Work required –
In the material below, find the line containing "A = map_mat" and the line containing "(\<Sum>i<dim_vec v. (Matrix.vec_index", then reproduce exactly both of them and every line between, and nothing else.

Task data –
(* Let $U_2$ be a unitary matrix with real entries having a unique (up to scalars) eigenvector $|\phi_0\rangle$ of eigenvalue $1$, chosen with real entries and norm $1$; let $|\mu\rangle$ be a unit vector with real entries, $U_1=I-2|\mu\rangle\langle\mu|$, $U=U_2U_1$, and $|\tilde\phi_0\rangle=|\phi_0\rangle-\langle\mu|\phi_0\rangle|\mu\rangle$. Let $\varepsilon\in(0,1)$. For every $T\ge\max\{1,\mathsf{QHT}_\varepsilon(U_2,|\mu\rangle)\}$, the procedure $\mathbf{Detect}(U,1/T,\varepsilon)$ accepts $|\tilde\phi_0\rangle$ with probability $\|\tilde\phi_0\|^2-O(\varepsilon)$ if $\langle\phi_0|\mu\rangle\ne0$, and accepts with probability $0$ otherwise. Moreover the number of applications of $\text{c-}U$ is $O(\log(1/\varepsilon)\cdot T)$.
   Context: Decompose $|\tilde\phi_0\rangle$ in eigenvectors of the real unitary $U$: $|\tilde\phi_0\rangle=\delta_0|w_0\rangle+\sum_{1\le j\le J}\delta_j(|w_j^+\rangle+|w_j^-\rangle)+\delta_{-1}|w_{-1}\rangle$ with real coefficients, where $|w_0\rangle$ (resp. $|w_{-1}\rangle$) is a unit eigenvector of eigenvalue $1$ (resp. $-1$), and $|w_j^\pm\rangle$ are unit eigenvectors of eigenvalues $e^{\pm i\alpha_j}$, $0<\alpha_j<\pi$, with $|w_j^-\rangle=\overline{|w_j^+\rangle}$. $\mathit{QH}$ is the random variable equal to $1/\alpha_j$ with probability $2\delta_j^2$, to $1/\pi$ with probability $\delta_{-1}^2$, and to $0$ otherwise. The quantum $\varepsilon$-error $|\mu\rangle$-hitting time of $U_2$ is $\mathsf{QHT}_\varepsilon(U_2,|\mu\rangle)=\min\{y:\Pr[\mathit{QH}>y]\le\varepsilon\}$. "Accepts with probability $p$" on an unnormalized input means the accepting branch has squared norm $p$. $\mathbf{Estimate}$ is the standard phase estimation circuit for $U$ with precision $\Delta$ (on an eigenvector with eigenphase $\alpha\in(-\pi,\pi]$ it outputs $\alpha$ within $\Delta$ with error probability at most $1/3$, outputs $0$ with certainty on a $1$-eigenvector, and uses $O(1/\Delta)$ calls to $\text{c-}U$ and its inverse). $\mathbf{Detect}(U,\Delta,\varepsilon)$ on input $|\psi\rangle$: apply $\Theta(\log(1/\varepsilon))$ times $\mathbf{Estimate}$ with precision $\Delta$ to the same state $|\psi\rangle$; accept if at least one estimated phase is nonzero, otherwise reject. *)

theory Defs
  imports "Jordan_Normal_Form.Matrix" "HOL-Probability.Probability_Mass_Function"
begin

definition cvec :: "real Matrix.vec \<Rightarrow> complex Matrix.vec" where
  "cvec v = map_vec complex_of_real v"

definition cmat :: "real mat \<Rightarrow> complex mat" where
  "cmat A = map_mat complex_of_real A"

definition sqnorm :: "complex Matrix.vec \<Rightarrow> real" where
  "sqnorm v = (\<Sum>i<dim_vec v. (cmod (Matrix.vec_index v i))\<^sup>2)"

definition rsqnorm :: "real Matrix.vec \<Rightarrow> real" where
  "rsqnorm v = (\<Sum>i<dim_vec v. (Matrix.vec_index v i)\<^sup>2)"

definition eigspace :: "nat \<Rightarrow> complex mat \<Rightarrow> complex \<Rightarrow> complex Matrix.vec set" where
  "eigspace n A l = {v \<in> carrier_vec n. A *\<^sub>v v = l \<cdot>\<^sub>v v}"

definition orth_proj :: "complex Matrix.vec set \<Rightarrow> complex Matrix.vec \<Rightarrow> complex Matrix.vec" where
  "orth_proj S x = (THE p. p \<in> S \<and> (\<forall>w\<in>S. (x - p) \<bullet>c w = 0))"

definition eigphases :: "nat \<Rightarrow> complex mat \<Rightarrow> real set" where
  "eigphases n A = {\<theta>. - pi < \<theta> \<and> \<theta> \<le> pi \<and> eigspace n A (cis \<theta>) \<noteq> {0\<^sub>v n}}"

definition spec_weight :: "nat \<Rightarrow> complex mat \<Rightarrow> complex Matrix.vec \<Rightarrow> real \<Rightarrow> real" where
  "spec_weight n A \<psi> \<theta> = sqnorm (orth_proj (eigspace n A (cis \<theta>)) \<psi>)"

definition U1 :: "nat \<Rightarrow> real Matrix.vec \<Rightarrow> real mat" where
  "U1 n \<mu> = 1\<^sub>m n - Matrix.mat n n (\<lambda>(i,j). 2 * (Matrix.vec_index \<mu> i) * (Matrix.vec_index \<mu> j))"

definition phitilde :: "real Matrix.vec \<Rightarrow> real Matrix.vec \<Rightarrow> real Matrix.vec" where
  "phitilde \<phi>0 \<mu> = \<phi>0 - (scalar_prod \<mu> \<phi>0) \<cdot>\<^sub>v \<mu>"

text \<open>Pr[QH > y]: QH = 1/|theta| with probability equal to the squared norm of the
  component of phitilde on the eigenspace(s) of e^{+-i theta} (theta in (0,pi]),
  and QH = 0 otherwise.  Summing over both signs of theta gives 2 delta_j^2.\<close>
definition QH_tail :: "nat \<Rightarrow> complex mat \<Rightarrow> complex Matrix.vec \<Rightarrow> real \<Rightarrow> real" where
  "QH_tail n A \<psi> y = (\<Sum>\<theta>\<in>{\<theta> \<in> eigphases n A. \<theta> \<noteq> 0 \<and> 1 / \<bar>\<theta>\<bar> > y}. spec_weight n A \<psi> \<theta>)"

definition QHT :: "nat \<Rightarrow> real mat \<Rightarrow> real Matrix.vec \<Rightarrow> real Matrix.vec \<Rightarrow> real \<Rightarrow> real" where
  "QHT n U2 \<mu> \<phi>0 \<epsilon> =
     Inf {y. 0 \<le> y \<and> QH_tail n (cmat (U2 * U1 n \<mu>)) (cvec (phitilde \<phi>0 \<mu>)) y \<le> \<epsilon>}"

definition circ_dist :: "real \<Rightarrow> real \<Rightarrow> real" where
  "circ_dist x y = min \<bar>x - y\<bar> (2 * pi - \<bar>x - y\<bar>)"

text \<open>Abstract specification of Estimate: est D theta is the output distribution
  (an estimate of the phase, in (-pi,pi]) on an eigenvector of eigenphase theta,
  with precision D; cnt D is the number of calls to c-U and its inverse.\<close>
definition is_phase_estimator :: "(real \<Rightarrow> real \<Rightarrow> real pmf) \<Rightarrow> (real \<Rightarrow> nat) \<Rightarrow> real \<Rightarrow> bool" where
  "is_phase_estimator est cnt K \<longleftrightarrow>
     (\<forall>D>0. est D 0 = return_pmf 0 \<and> real (cnt D) \<le> K / D \<and>
        (\<forall>\<theta>. - pi < \<theta> \<and> \<theta> \<le> pi \<longrightarrow>
           set_pmf (est D \<theta>) \<subseteq> {-pi<..pi} \<and>
           measure_pmf.prob (est D \<theta>) {x. circ_dist x \<theta> < D} \<ge> 2/3))"

text \<open>Acceptance probability (squared norm of the accepting branch) of Detect with
  m repetitions of Estimate at precision D on the (possibly unnormalized) input psi:
  on the eigenspace of phase theta all m runs output 0 with probability
  (Pr[output = 0])^m, and eigenspace components do not interfere.\<close>
definition detect_accept :: "(real \<Rightarrow> real \<Rightarrow> real pmf) \<Rightarrow> nat \<Rightarrow> real \<Rightarrow> nat \<Rightarrow> complex mat \<Rightarrow> complex Matrix.vec \<Rightarrow> real" where
  "detect_accept est m D n A \<psi> =
     (\<Sum>\<theta>\<in>eigphases n A. spec_weight n A \<psi> \<theta> * (1 - (pmf (est D \<theta>) 0) ^ m))"

definition detect_calls :: "(real \<Rightarrow> nat) \<Rightarrow> nat \<Rightarrow> real \<Rightarrow> nat" where
  "detect_calls cnt m D = m * cnt D"

end

theory Submission
  imports Defs "Jordan_Normal_Form.Jordan_Normal_Form_Existence"
begin

text \<open>The walk \<open>U = U\<^sub>2 U\<^sub>1\<close> is a product of real orthogonal matrices, hence an
  isometry of \<open>\<complex>\<^sup>n\<close>; all its Jordan blocks are trivial, so it has an orthogonal
  eigenbasis, and the squared norm of any vector splits over the eigenphases (Parseval).
  Detect accepts the component of phase \<open>\<theta>\<close> with probability
  \<open>1 - Pr[Estimate outputs 0]\<^sup>m\<close>.
  If \<open>\<langle>\<mu>|\<phi>\<^sub>0\<rangle> = 0\<close>, then \<open>\<phi>\<^sub>0\<close> itself is fixed by \<open>U\<close>
  and is never accepted. Otherwise \<open>U\<close> has no eigenvalue 1, every phase with
  \<open>\<bar>\<theta>\<bar> \<ge> 1/T\<close> is missed with probability at most \<open>3\<^sup>-\<^sup>m \<le> \<epsilon>\<close>, and the phases
  with \<open>\<bar>\<theta>\<bar> < 1/T\<close> carry weight at most \<open>\<epsilon>\<close> because \<open>T\<close> exceeds the hitting time.\<close>

lemma cscalar_prod_smult_left:
  fixes x y :: "complex Matrix.vec"
  assumes "x \<in> carrier_vec n" "y \<in> carrier_vec n"
  shows "(a \<cdot>\<^sub>v x) \<bullet>c y = a * (x \<bullet>c y)"
  using assms by (simp add: scalar_prod_def sum_distrib_left algebra_simps)

lemma cscalar_prod_smult_right:
  fixes x y :: "complex Matrix.vec"
  assumes "x \<in> carrier_vec n" "y \<in> carrier_vec n"
  shows "x \<bullet>c (b \<cdot>\<^sub>v y) = cnj b * (x \<bullet>c y)"
  using assms by (simp add: scalar_prod_def sum_distrib_left algebra_simps)

lemma cscalar_prod_add_left:
  fixes x y z :: "complex Matrix.vec"
  assumes "x \<in> carrier_vec n" "y \<in> carrier_vec n" "z \<in> carrier_vec n"
  shows "(x + y) \<bullet>c z = x \<bullet>c z + y \<bullet>c z"
  using assms by (simp add: scalar_prod_def sum.distrib algebra_simps)

lemma cscalar_prod_diff_left:
  fixes x y z :: "complex Matrix.vec"
  assumes "x \<in> carrier_vec n" "y \<in> carrier_vec n" "z \<in> carrier_vec n"
  shows "(x - y) \<bullet>c z = x \<bullet>c z - y \<bullet>c z"
  using assms by (simp add: scalar_prod_def sum_subtractf algebra_simps)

Expected output –
  "cmat A = map_mat complex_of_real A"

definition sqnorm :: "complex Matrix.vec \<Rightarrow> real" where
  "sqnorm v = (\<Sum>i<dim_vec v. (cmod (Matrix.vec_index v i))\<^sup>2)"

definition rsqnorm :: "real Matrix.vec \<Rightarrow> real" where
  "rsqnorm v = (\<Sum>i<dim_vec v. (Matrix.vec_index v i)\<^sup>2)"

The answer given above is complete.